**Instructions for the task**
Would you set down all of the entries below exactly as they stand?

**Input data**
Content starts
(* Let $\zeta: \mathrm{TVB}_2 \to \mathrm{GL}_3(\mathbb{C})$ be a complex homogeneous local representation of $\mathrm{TVB}_2$. Then $\zeta$ is equivalent to one of the following eight representations (for a $2\times 2$ matrix $M$ write $M\oplus 1=\begin{pmatrix} M & 0\\ 0 & 1\end{pmatrix}$ and $1\oplus M=\begin{pmatrix} 1 & 0\\ 0 & M\end{pmatrix}$): \begin{itemize} \item[(1)] $\zeta_1(\sigma_1)=\begin{pmatrix} d & b\\ b/x^2 & d\end{pmatrix}\oplus 1$, $\zeta_1(\rho_1)=\begin{pmatrix} 0 & x\\ 1/x & 0\end{pmatrix}\oplus 1$, $\zeta_1(\gamma_1)=\mathrm{diag}(-1,1,1)$, $\zeta_1(\gamma_2)=\mathrm{diag}(1,-1,1)$, where $b,d,x\in\mathbb{C}$, $b^2-d^2x^2\neq 0$, $x\neq 0$. \item[(2)] $\zeta_2(\sigma_1)=\begin{pmatrix} \frac{2bw+dx}{x} & b\\ \frac{b-bw^2}{x^2} & d\end{pmatrix}\oplus 1$, $\zeta_2(\rho_1)=\begin{pmatrix} w & x\\ \frac{1-w^2}{x} & -w\end{pmatrix}\oplus 1$, $\zeta_2(\gamma_1)=\zeta_2(\gamma_2)=I_3$, where $b,d,w,x\in\mathbb{C}$, $x\neq 0$, $dx+bw\neq b$ and $dx+bw\neq -b$. \item[(3)] $\zeta_3(\sigma_1)=\begin{pmatrix} a & b\\ c & d\end{pmatrix}\oplus 1$, $\zeta_3(\rho_1)=\mathrm{diag}(-1,-1,1)$, $\zeta_3(\gamma_1)=\zeta_3(\gamma_2)=I_3$, where $a,b,c,d\in\mathbb{C}$, $ad-bc\neq 0$. \item[(4)] $\zeta_4(\sigma_1)=\begin{pmatrix} a & b\\ c & d\end{pmatrix}\oplus 1$, $\zeta_4(\rho_1)=I_3$, $\zeta_4(\gamma_1)=\zeta_4(\gamma_2)=I_3$, where $a,b,c,d\in\mathbb{C}$, $ad-bc\neq 0$. \item[(5)] $\zeta_5(\sigma_1)=\begin{pmatrix} a & 0\\ c & d\end{pmatrix}\oplus 1$, $\zeta_5(\rho_1)=\begin{pmatrix} -1 & 0\\ \frac{2c}{d-a} & 1\end{pmatrix}\oplus 1$, $\zeta_5(\gamma_1)=\zeta_5(\gamma_2)=I_3$, where $a,c,d\in\mathbb{C}$, $ad\neq 0$, $a\neq d$. \item[(6)] $\zeta_6(\sigma_1)=\begin{pmatrix} a & 0\\ c & d\end{pmatrix}\oplus 1$, $\zeta_6(\rho_1)=\begin{pmatrix} 1 & 0\\ \frac{2c}{a-d} & -1\end{pmatrix}\oplus 1$, $\zeta_6(\gamma_1)=\zeta_6(\gamma_2)=I_3$, where $a,c,d\in\mathbb{C}$, $ad\neq 0$, $a\neq d$. \item[(7)] $\zeta_7(\sigma_1)=\mathrm{diag}(d,d,1)$, $\zeta_7(\rho_1)=\begin{pmatrix} 1 & 0\\ y & -1\end{pmatrix}\oplus 1$, $\zeta_7(\gamma_1)=\zeta_7(\gamma_2)=I_3$, where $d,y\in\mathbb{C}$, $d\neq 0$. \item[(8)] $\zeta_8(\sigma_1)=\mathrm{diag}(d,d,1)$, $\zeta_8(\rho_1)=\begin{pmatrix} -1 & 0\\ y & 1\end{pmatrix}\oplus 1$, $\zeta_8(\gamma_1)=\zeta_8(\gamma_2)=I_3$, where $d,y\in\mathbb{C}$, $d\neq 0$. \end{itemize}
   Context: The twisted virtual braid group $\mathrm{TVB}_2$ is the group with generators $\sigma_1,\rho_1,\gamma_1,\gamma_2$ and defining relations $\rho_1^2=1$, $\gamma_1^2=\gamma_2^2=1$, $\gamma_1\gamma_2=\gamma_2\gamma_1$, $\rho_1\gamma_1=\gamma_2\rho_1$, $\rho_1\sigma_1\rho_1=\gamma_2\gamma_1\sigma_1\gamma_1\gamma_2$. A complex local representation $\zeta:\mathrm{TVB}_2\to \mathrm{GL}_3(\mathbb{C})$ is a group homomorphism of the form $\zeta(\sigma_1)=S\oplus 1$, $\zeta(\rho_1)=R\oplus 1$, $\zeta(\gamma_1)=G_1\oplus 1$, $\zeta(\gamma_2)=1\oplus G_2$ with $S,R,G_1,G_2\in \mathrm{GL}_2(\mathbb{C})$, where $M\oplus 1$ is the block-diagonal matrix with blocks $M$ and $1$ and $1\oplus M$ the block-diagonal matrix with blocks $1$ and $M$. It is homogeneous if $G_1=G_2$. Two representations are equivalent if they are conjugate by a fixed invertible matrix. *)

theory Defs
  imports "HOL-Analysis.Analysis"
begin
Content ends
**Task response**
(* Let $\zeta: \mathrm{TVB}_2 \to \mathrm{GL}_3(\mathbb{C})$ be a complex homogeneous local representation of $\mathrm{TVB}_2$. Then $\zeta$ is equivalent to one of the following eight representations (for a $2\times 2$ matrix $M$ write $M\oplus 1=\begin{pmatrix} M & 0\\ 0 & 1\end{pmatrix}$ and $1\oplus M=\begin{pmatrix} 1 & 0\\ 0 & M\end{pmatrix}$): \begin{itemize} \item[(1)] $\zeta_1(\sigma_1)=\begin{pmatrix} d & b\\ b/x^2 & d\end{pmatrix}\oplus 1$, $\zeta_1(\rho_1)=\begin{pmatrix} 0 & x\\ 1/x & 0\end{pmatrix}\oplus 1$, $\zeta_1(\gamma_1)=\mathrm{diag}(-1,1,1)$, $\zeta_1(\gamma_2)=\mathrm{diag}(1,-1,1)$, where $b,d,x\in\mathbb{C}$, $b^2-d^2x^2\neq 0$, $x\neq 0$. \item[(2)] $\zeta_2(\sigma_1)=\begin{pmatrix} \frac{2bw+dx}{x} & b\\ \frac{b-bw^2}{x^2} & d\end{pmatrix}\oplus 1$, $\zeta_2(\rho_1)=\begin{pmatrix} w & x\\ \frac{1-w^2}{x} & -w\end{pmatrix}\oplus 1$, $\zeta_2(\gamma_1)=\zeta_2(\gamma_2)=I_3$, where $b,d,w,x\in\mathbb{C}$, $x\neq 0$, $dx+bw\neq b$ and $dx+bw\neq -b$. \item[(3)] $\zeta_3(\sigma_1)=\begin{pmatrix} a & b\\ c & d\end{pmatrix}\oplus 1$, $\zeta_3(\rho_1)=\mathrm{diag}(-1,-1,1)$, $\zeta_3(\gamma_1)=\zeta_3(\gamma_2)=I_3$, where $a,b,c,d\in\mathbb{C}$, $ad-bc\neq 0$. \item[(4)] $\zeta_4(\sigma_1)=\begin{pmatrix} a & b\\ c & d\end{pmatrix}\oplus 1$, $\zeta_4(\rho_1)=I_3$, $\zeta_4(\gamma_1)=\zeta_4(\gamma_2)=I_3$, where $a,b,c,d\in\mathbb{C}$, $ad-bc\neq 0$. \item[(5)] $\zeta_5(\sigma_1)=\begin{pmatrix} a & 0\\ c & d\end{pmatrix}\oplus 1$, $\zeta_5(\rho_1)=\begin{pmatrix} -1 & 0\\ \frac{2c}{d-a} & 1\end{pmatrix}\oplus 1$, $\zeta_5(\gamma_1)=\zeta_5(\gamma_2)=I_3$, where $a,c,d\in\mathbb{C}$, $ad\neq 0$, $a\neq d$. \item[(6)] $\zeta_6(\sigma_1)=\begin{pmatrix} a & 0\\ c & d\end{pmatrix}\oplus 1$, $\zeta_6(\rho_1)=\begin{pmatrix} 1 & 0\\ \frac{2c}{a-d} & -1\end{pmatrix}\oplus 1$, $\zeta_6(\gamma_1)=\zeta_6(\gamma_2)=I_3$, where $a,c,d\in\mathbb{C}$, $ad\neq 0$, $a\neq d$. \item[(7)] $\zeta_7(\sigma_1)=\mathrm{diag}(d,d,1)$, $\zeta_7(\rho_1)=\begin{pmatrix} 1 & 0\\ y & -1\end{pmatrix}\oplus 1$, $\zeta_7(\gamma_1)=\zeta_7(\gamma_2)=I_3$, where $d,y\in\mathbb{C}$, $d\neq 0$. \item[(8)] $\zeta_8(\sigma_1)=\mathrm{diag}(d,d,1)$, $\zeta_8(\rho_1)=\begin{pmatrix} -1 & 0\\ y & 1\end{pmatrix}\oplus 1$, $\zeta_8(\gamma_1)=\zeta_8(\gamma_2)=I_3$, where $d,y\in\mathbb{C}$, $d\neq 0$. \end{itemize}
   Context: The twisted virtual braid group $\mathrm{TVB}_2$ is the group with generators $\sigma_1,\rho_1,\gamma_1,\gamma_2$ and defining relations $\rho_1^2=1$, $\gamma_1^2=\gamma_2^2=1$, $\gamma_1\gamma_2=\gamma_2\gamma_1$, $\rho_1\gamma_1=\gamma_2\rho_1$, $\rho_1\sigma_1\rho_1=\gamma_2\gamma_1\sigma_1\gamma_1\gamma_2$. A complex local representation $\zeta:\mathrm{TVB}_2\to \mathrm{GL}_3(\mathbb{C})$ is a group homomorphism of the form $\zeta(\sigma_1)=S\oplus 1$, $\zeta(\rho_1)=R\oplus 1$, $\zeta(\gamma_1)=G_1\oplus 1$, $\zeta(\gamma_2)=1\oplus G_2$ with $S,R,G_1,G_2\in \mathrm{GL}_2(\mathbb{C})$, where $M\oplus 1$ is the block-diagonal matrix with blocks $M$ and $1$ and $1\oplus M$ the block-diagonal matrix with blocks $1$ and $M$. It is homogeneous if $G_1=G_2$. Two representations are equivalent if they are conjugate by a fixed invertible matrix. *)

theory Defs
  imports "HOL-Analysis.Analysis"
begin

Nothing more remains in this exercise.